Irina had nodded, wide-eyed with fear.
This was when Papa had finally turned to Eva, called her Spatzi , his little sparrow—a pet name that she’d long since outgrown—and told her they would surely meet again, as though he already knew he’d never see her again this side of eternity.
A split second later the soldier was cracking her on the side of her head with his firearm and a weeping Irina was pulling her away.
When Eva discovered the awful truth weeks later that tens of thousands of ethnic Germans who were put on trains bound for the gulag perished en route or died within weeks or months of arriving, and when she finally understood there was no plan to bring the Volga Germans back home, not even if the Red Army was successful in driving out the Nazi forces, and when she learned executions of political prisoners were as regular an occurrence at the gulags as cold gray skies, what haunted her most was having been denied the chance to speak to Sascha once more before he disappeared from her life for good.
She never got to say goodbye to him.
And because of that, her love for Sascha was forever still in motion, still spinning, still reverberating within her.
Like a bell that could not stop ringing.
Eva was certain now the same was true of June with regard to Elwood.

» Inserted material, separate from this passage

(* Let $f:\mathbb{R}\to\mathbb{R}$, $m:\mathbb{R}\to\mathbb{R}^n$ and $g:\mathbb{R}^n\times\mathbb{R}\times\mathbb{R}\to\mathbb{R}^{n\times m}$ satisfy: (i) $f$ is bounded and continuous and there are a function $M$ with $M(s)/s\to0$ as $s\to+\infty$ and a constant $f^\star<0$ such that $f^\star=\lim_{T\to+\infty}\frac{1}{2T}\int_{-T}^Tf(s)\,\mathrm{d}s$ and $\left|\int_{t_1}^{t_2}[f(s)-f^\star]\,\mathrm{d}s\right|\le M(t_2-t_1)$ whenever $t_2\ge t_1$; (ii) $m$ is continuous with $|m(t)|=1$ for all $t\in\mathbb{R}$, and there are constants $\alpha',\beta',\tilde c>0$ such that for all $t\in\mathbb{R}$, $\alpha>0$, $x\in\mathbb{R}^n$: $\alpha' I\le\int_t^{t+\tilde c}m(\tau)m^T(\tau)\,\mathrm{d}\tau\le\beta' I$ and $\|g(x,t,\alpha t)\|\le\beta'\{1+\sqrt{|x|}\}$; (iii) $g$ is continuous and $C^1$ in $x$, and there is $K>1$ with $|\partial g_{ij}(x,t,\alpha t)/\partial x|\le K$ for all $x$, $t\ge0$, $\alpha>0$ and all entries $g_{ij}$. Let $\kappa=\tilde c/(2|f^\star|)+\frac{1}{4\alpha'}\tilde c^4|f^\star|$ and $$P(t)=\kappa I+\int_{t-\tilde c}^t\int_s^t m(l)m^T(l)\,\mathrm{d}l\,\mathrm{d}s.$$ Then $V(x,t)=x^TP(t)x$ is a Lyapunov function for $\dot x=f^\star m(t)m^T(t)x$, and $W:=2V/\alpha'$ admits constants $c_1,c_2,c_3>0$ such that for all $t\ge0$ and $\xi\in\mathbb{R}^n$: $c_1|\xi|^2\le W(\xi,t)\le c_2|\xi|^2$, $|W_\xi(\xi,t)|\le c_3|\xi|$, and $W_t(\xi,t)+W_\xi(\xi,t)f^\star m(t)m^T(t)\xi\le-|\xi|^2$.
   Context: $I$ is the $n\times n$ identity matrix, $\|\cdot\|$ the matrix 2-norm, and matrix inequalities are in the positive semidefinite order. A Lyapunov function for $\dot x=F(x,t)$ is a $C^1$ function $V:\mathbb{R}^n\times[0,\infty)\to[0,\infty)$ with $\delta_1,\delta_2\in\mathcal{K}_\infty$, $\delta_3\in\mathcal{K}$ such that $\delta_1(|\xi|)\le V(\xi,t)\le\delta_2(|\xi|)$ and $V_t+V_\xi F(\xi,t)\le-\delta_3(|\xi|)$ for all $\xi$, $t\ge0$ ($\mathcal{K}$: continuous, zero only at 0, strictly increasing; $\mathcal{K}_\infty$: also unbounded). *)

theory Defs
  imports "HOL-Analysis.Analysis"
begin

Her love for him was swirling madly around inside her, too, just as strong and real; but unlike Sascha, perhaps Elwood did not reciprocate the feelings of love.
And it was this truth that troubled Eva the most when she mentally listed all the other things she was certain of:
Elwood never steps outside the house.
If Elwood suddenly stepped outside the house, June would be happy, celebratory.
June is not happy.
June is pretending Elwood is in the house.
Elwood is not in the house.
Melanie had said something didn’t feel right, but in actuality it was worse than that. Something was terribly wrong.
And Eva didn’t know what to do about it.